--- TASK STATEMENT ---
Two lines below mark the span: the one containing "(\<Sum>i<r. \<Sum>j<c. (X" and the one containing "by (simp add: power2_eq_square". Set down both, plus every line between, exactly as they stand, and nothing else.

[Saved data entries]
(* Let $m,n\ge 1$ and let $$K=\begin{bmatrix} A & B^T\\ B & -C\end{bmatrix}\in\mathbb{R}^{(m+n)\times(m+n)},$$ where $A\in\mathbb{R}^{m\times m}$ is symmetric positive definite, $B\in\mathbb{R}^{n\times m}$ has rank $n$, and $C\in\mathbb{R}^{n\times n}$ is symmetric positive semidefinite. Let $K=LJ_{m+n}L^T$ be a generalized Cholesky factorization of $K$. Let $\Delta K\in\mathbb{R}^{(m+n)\times(m+n)}$ be symmetric and suppose $$\|L^{-1}\|_2^2\,\|\Delta K\|_F<\tfrac12 .$$ Then $K+\Delta K$ has a generalized Cholesky factorization $$K+\Delta K=(L+\Delta L)J_{m+n}(L+\Delta L)^T,$$ where $L+\Delta L$ has the same block lower-triangular structure as $L$, and $$\|\Delta L\|_F\le \frac{\sqrt2\,\|L^{-1}\|_2\left[\inf_{D\in\mathbb{D}_{m+n}}\kappa_2(LD^{-1})\right]}{\sqrt2-1+\sqrt{1-2\|L^{-1}\|_2^2\|\Delta K\|_F}}\,\|\Delta K\|_F\le (2+\sqrt2)\,\|L^{-1}\|_2\left[\inf_{D\in\mathbb{D}_{m+n}}\kappa_2(LD^{-1})\right]\|\Delta K\|_F .$$
   Context: $J_{m+n}=\begin{bmatrix} I_m&0\\0&-I_n\end{bmatrix}$. A generalized Cholesky factorization of a matrix $M\in\mathbb{R}^{(m+n)\times(m+n)}$ is a factorization $M=LJ_{m+n}L^T$ with $L=\begin{bmatrix}L_{11}&0\\L_{21}&L_{22}\end{bmatrix}$, where $L_{11}\in\mathbb{R}^{m\times m}$ and $L_{22}\in\mathbb{R}^{n\times n}$ are nonsingular lower triangular and $L_{21}\in\mathbb{R}^{n\times m}$ (so $L$ is nonsingular lower triangular); $L$ is called a generalized Cholesky factor. $\|\cdot\|_2$ is the spectral norm, $\|\cdot\|_F$ the Frobenius norm, $\kappa_2(X)=\|X\|_2\|X^{-1}\|_2$ for nonsingular $X$. $\mathbb{D}_{m+n}$ denotes the set of $(m+n)\times(m+n)$ diagonal matrices with positive diagonal entries. *)

theory Defs
  imports "Jordan_Normal_Form.Matrix" "Jordan_Normal_Form.DL_Rank"
begin

definition symmetric_mat :: "real mat \<Rightarrow> bool" where
  "symmetric_mat A \<longleftrightarrow> square_mat A \<and> transpose_mat A = A"

definition pos_def_mat :: "real mat \<Rightarrow> bool" where
  "pos_def_mat A \<longleftrightarrow> square_mat A \<and> symmetric_mat A \<and>
     (\<forall>x \<in> carrier_vec (dim_row A). x \<noteq> 0\<^sub>v (dim_row A) \<longrightarrow> x \<bullet> (A *\<^sub>v x) > 0)"

definition pos_semidef_mat :: "real mat \<Rightarrow> bool" where
  "pos_semidef_mat A \<longleftrightarrow> square_mat A \<and> symmetric_mat A \<and>
     (\<forall>x \<in> carrier_vec (dim_row A). x \<bullet> (A *\<^sub>v x) \<ge> 0)"

definition lower_triangular_mat :: "real mat \<Rightarrow> bool" where
  "lower_triangular_mat A \<longleftrightarrow> (\<forall>i<dim_row A. \<forall>j<dim_col A. i < j \<longrightarrow> A $$ (i,j) = 0)"

definition inv_mat :: "real mat \<Rightarrow> real mat" where
  "inv_mat A = (SOME B. inverts_mat A B \<and> inverts_mat B A)"

definition vnorm2 :: "real vec \<Rightarrow> real" where
  "vnorm2 x = sqrt (x \<bullet> x)"

definition spec_norm :: "real mat \<Rightarrow> real" where
  "spec_norm A = Sup {vnorm2 (A *\<^sub>v x) | x. x \<in> carrier_vec (dim_col A) \<and> vnorm2 x = 1}"

definition frob_norm :: "real mat \<Rightarrow> real" where
  "frob_norm A = sqrt (\<Sum>i<dim_row A. \<Sum>j<dim_col A. (A $$ (i,j))\<^sup>2)"

definition kappa2 :: "real mat \<Rightarrow> real" where
  "kappa2 X = spec_norm X * spec_norm (inv_mat X)"

definition pos_diag_mats :: "nat \<Rightarrow> real mat set" where
  "pos_diag_mats N = {D. D \<in> carrier_mat N N \<and> diagonal_mat D \<and> (\<forall>i<N. D $$ (i,i) > 0)}"

definition Jmat :: "nat \<Rightarrow> nat \<Rightarrow> real mat" where
  "Jmat m n = four_block_mat (1\<^sub>m m) (0\<^sub>m m n) (0\<^sub>m n m) (- (1\<^sub>m n))"

definition gen_chol_factor :: "nat \<Rightarrow> nat \<Rightarrow> real mat \<Rightarrow> real mat \<Rightarrow> bool" where
  "gen_chol_factor m n M L \<longleftrightarrow>
     (\<exists>L11 L21 L22.
        L11 \<in> carrier_mat m m \<and> L21 \<in> carrier_mat n m \<and> L22 \<in> carrier_mat n n \<and>
        lower_triangular_mat L11 \<and> invertible_mat L11 \<and>
        lower_triangular_mat L22 \<and> invertible_mat L22 \<and>
        L = four_block_mat L11 (0\<^sub>m m n) L21 L22) \<and>
     M = L * Jmat m n * transpose_mat L"

end

theory Submission
  imports Defs "Jordan_Normal_Form.Determinant" "HOL-Analysis.L2_Norm"
begin

(* Write the perturbed factor as L + \<Delta>L = L (I + F J).  Then
   K + \<Delta>K = (L + \<Delta>L) J (L + \<Delta>L)^T  is equivalent to
        F + F^T = E - F J F^T,        E = L^{-1} \<Delta>K L^{-T},
   and a lower triangular solution is a fixed point of the map
        \<Phi>(F) = lower_half (E - F J F^T),
   where lower_half keeps the strictly lower part and half the diagonal.
   Since lower_half shrinks the Frobenius norm of a symmetric matrix by 1/sqrt 2,
   \<Phi> maps the Frobenius ball of radius g = (1 - sqrt(1 - 2t))/sqrt 2 into itself,
   t = \<parallel>L^{-1}\<parallel>\<^sub>2\<^sup>2 \<parallel>\<Delta>K\<parallel>\<^sub>F, and is a contraction there; the iteration from 0
   converges to a fixed point F.  For any positive diagonal D the fixed-point
   equation gives \<parallel>D F\<parallel>\<^sub>F (1 - g) \<le> \<parallel>D L^{-1}\<parallel>\<^sub>2 \<parallel>L^{-1}\<parallel>\<^sub>2 \<parallel>\<Delta>K\<parallel>\<^sub>F, hence
   \<parallel>\<Delta>L\<parallel>\<^sub>F \<le> \<parallel>L D^{-1}\<parallel>\<^sub>2 \<parallel>D F\<parallel>\<^sub>F \<le> \<kappa>\<^sub>2(L D^{-1}) \<parallel>L^{-1}\<parallel>\<^sub>2 \<parallel>\<Delta>K\<parallel>\<^sub>F / (1 - g). *)

section \<open>Frobenius and spectral norms\<close>

text \<open>The Frobenius norm is the L2 norm of the family of entries, so the library facts about \<open>L2_set\<close> apply.\<close>
lemma frob_L2: "frob_norm A = L2_set (\<lambda>p. A $$ p) ({..<dim_row A} \<times> {..<dim_col A})"
  unfolding frob_norm_def L2_set_def by (simp add: sum.cartesian_product case_prod_beta)

lemma frob_nonneg: "frob_norm A \<ge> 0"
  by (simp add: frob_norm_def sum_nonneg)

lemma frob_sq: "(frob_norm A)\<^sup>2 = (\<Sum>i<dim_row A. \<Sum>j<dim_col A. (A $$ (i,j))\<^sup>2)"
  unfolding frob_norm_def by (simp add: sum_nonneg)

lemma frob_add:
  assumes "A \<in> carrier_mat r c" "B \<in> carrier_mat r c"
  shows "frob_norm (A + B) \<le> frob_norm A + frob_norm B"
proof -
  have "frob_norm (A + B) = L2_set (\<lambda>p. A $$ p + B $$ p) ({..<r} \<times> {..<c})"
    unfolding frob_L2 using assms by (intro L2_set_cong) auto
  also have "\<dots> \<le> frob_norm A + frob_norm B"
    unfolding frob_L2 using assms by (simp add: L2_set_triangle_ineq)
  finally show ?thesis .
qed

lemma frob_uminus: "frob_norm (- A) = frob_norm A"
  unfolding frob_norm_def by simp

lemma frob_diff:
  assumes "A \<in> carrier_mat r c" "B \<in> carrier_mat r c"
  shows "frob_norm (A - B) \<le> frob_norm A + frob_norm B"
proof -
  have "A - B = A + (- B)" using assms by auto
  thus ?thesis using frob_add[OF assms(1), of "- B"] assms frob_uminus[of B] by auto
qed

lemma frob_entry:
  assumes "i < dim_row A" "j < dim_col A"
  shows "\<bar>A $$ (i,j)\<bar> \<le> frob_norm A"
proof -
  have "(A $$ (i,j))\<^sup>2 \<le> (\<Sum>j<dim_col A. (A $$ (i,j))\<^sup>2)"
    using assms by (intro member_le_sum) auto
  also have "\<dots> \<le> (\<Sum>i<dim_row A. \<Sum>j<dim_col A. (A $$ (i,j))\<^sup>2)"
    using assms by (intro member_le_sum[where f = "\<lambda>i. \<Sum>j<dim_col A. (A $$ (i,j))\<^sup>2"])
      (auto intro: sum_nonneg)
  finally have "sqrt ((A $$ (i,j))\<^sup>2) \<le> frob_norm A"
    unfolding frob_norm_def by (rule real_sqrt_le_mono)
  thus ?thesis by simp
qed

lemma frob_transpose: "frob_norm (transpose_mat A) = frob_norm A"
  unfolding frob_norm_def by (simp, subst sum.swap, simp)

lemma frob_tendsto:
  assumes X: "\<And>k. X k \<in> carrier_mat r c" and Y: "Y \<in> carrier_mat r c"
    and lim: "\<And>i j. i < r \<Longrightarrow> j < c \<Longrightarrow> (\<lambda>k. X k $$ (i,j)) \<longlonglongrightarrow> Y $$ (i,j)"
  shows "(\<lambda>k. frob_norm (X k)) \<longlonglongrightarrow> frob_norm Y"
proof -
  have "frob_norm (X k) = sqrt (\<Sum>i<r. \<Sum>j<c. (X k $$ (i,j))\<^sup>2)" for k
    using X[of k] unfolding frob_norm_def by simp
  moreover have "frob_norm Y = sqrt (\<Sum>i<r. \<Sum>j<c. (Y $$ (i,j))\<^sup>2)"
    using Y unfolding frob_norm_def by simp
  ultimately show ?thesis by (simp only:) (intro tendsto_intros lim; simp)
qed

lemma vnorm2_L2: "vnorm2 x = L2_set (\<lambda>i. x $ i) {..<dim_vec x}"
  unfolding vnorm2_def L2_set_def scalar_prod_def
  by (simp add: power2_eq_square atLeast0LessThan)

lemma vnorm2_nonneg: "vnorm2 x \<ge> 0"
  by (simp add: vnorm2_L2)

lemma vnorm2_sq: "(vnorm2 x)\<^sup>2 = (\<Sum>i<dim_vec x. (x $ i)\<^sup>2)"
  unfolding vnorm2_L2 L2_set_def by (simp add: sum_nonneg)

lemma vnorm2_smult: "vnorm2 (c \<cdot>\<^sub>v x) = \<bar>c\<bar> * vnorm2 x"
proof -
  have "(vnorm2 (c \<cdot>\<^sub>v x))\<^sup>2 = (\<bar>c\<bar> * vnorm2 x)\<^sup>2"
    by (simp add: vnorm2_sq power_mult_distrib sum_distrib_left)
  thus ?thesis by (rule power2_eq_imp_eq[OF _ vnorm2_nonneg]) (simp add: vnorm2_nonneg)
qed

lemma vnorm2_zero:
  assumes "x \<in> carrier_vec k" "vnorm2 x = 0"
  shows "x = 0\<^sub>v k"
proof (rule eq_vecI)
  fix i assume i: "i < dim_vec (0\<^sub>v k)"
  have "(x $ i)\<^sup>2 \<le> (\<Sum>i<dim_vec x. (x $ i)\<^sup>2)" using i assms by (intro member_le_sum) auto
  also have "\<dots> = 0" using assms vnorm2_sq[of x] by simp
  finally show "x $ i = 0\<^sub>v k $ i" using i by simp
qed (use assms in auto)

text \<open>The Frobenius norm dominates the operator norm on each vector (Cauchy--Schwarz per row).\<close>
lemma mult_vec_frob_bound:
  assumes "x \<in> carrier_vec (dim_col A)"
  shows "vnorm2 (A *\<^sub>v x) \<le> frob_norm A * vnorm2 x"
proof -
  have row: "((A *\<^sub>v x) $ i)\<^sup>2 \<le> (\<Sum>j<dim_col A. (A $$ (i,j))\<^sup>2) * (vnorm2 x)\<^sup>2"
    if i: "i < dim_row A" for i
  proof -
    have "(A *\<^sub>v x) $ i = (\<Sum>j<dim_col A. A $$ (i,j) * x $ j)"
      using i assms by (simp add: scalar_prod_def atLeast0LessThan)
    hence "\<bar>(A *\<^sub>v x) $ i\<bar> \<le> (\<Sum>j<dim_col A. \<bar>A $$ (i,j)\<bar> * \<bar>x $ j\<bar>)"
      by (simp add: sum_abs[THEN order_trans] abs_mult)
    also have "\<dots> \<le> L2_set (\<lambda>j. A $$ (i,j)) {..<dim_col A} * L2_set (\<lambda>j. x $ j) {..<dim_col A}"
      by (rule L2_set_mult_ineq)
    finally have "\<bar>(A *\<^sub>v x) $ i\<bar> \<le> L2_set (\<lambda>j. A $$ (i,j)) {..<dim_col A} * vnorm2 x"
      using assms by (simp add: vnorm2_L2)
    hence "\<bar>(A *\<^sub>v x) $ i\<bar>\<^sup>2 \<le> (L2_set (\<lambda>j. A $$ (i,j)) {..<dim_col A} * vnorm2 x)\<^sup>2"
      by (rule power_mono) simp
    thus ?thesis by (simp add: power_mult_distrib L2_set_def sum_nonneg)
  qed
  have "(vnorm2 (A *\<^sub>v x))\<^sup>2 = (\<Sum>i<dim_row A. ((A *\<^sub>v x) $ i)\<^sup>2)"
    by (simp add: vnorm2_sq)
  also have "\<dots> \<le> (\<Sum>i<dim_row A. (\<Sum>j<dim_col A. (A $$ (i,j))\<^sup>2) * (vnorm2 x)\<^sup>2)"
    by (rule sum_mono) (rule row, simp)
  also have "\<dots> = (frob_norm A * vnorm2 x)\<^sup>2"
    by (simp add: frob_sq power_mult_distrib sum_distrib_right)
  finally show ?thesis
    using frob_nonneg[of A] vnorm2_nonneg[of x] by (meson mult_nonneg_nonneg power2_le_imp_le)
qed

--- REPLY TO THE EXERCISE ---
  have "frob_norm (X k) = sqrt (\<Sum>i<r. \<Sum>j<c. (X k $$ (i,j))\<^sup>2)" for k
    using X[of k] unfolding frob_norm_def by simp
  moreover have "frob_norm Y = sqrt (\<Sum>i<r. \<Sum>j<c. (Y $$ (i,j))\<^sup>2)"
    using Y unfolding frob_norm_def by simp
  ultimately show ?thesis by (simp only:) (intro tendsto_intros lim; simp)
qed

lemma vnorm2_L2: "vnorm2 x = L2_set (\<lambda>i. x $ i) {..<dim_vec x}"
  unfolding vnorm2_def L2_set_def scalar_prod_def
  by (simp add: power2_eq_square atLeast0LessThan)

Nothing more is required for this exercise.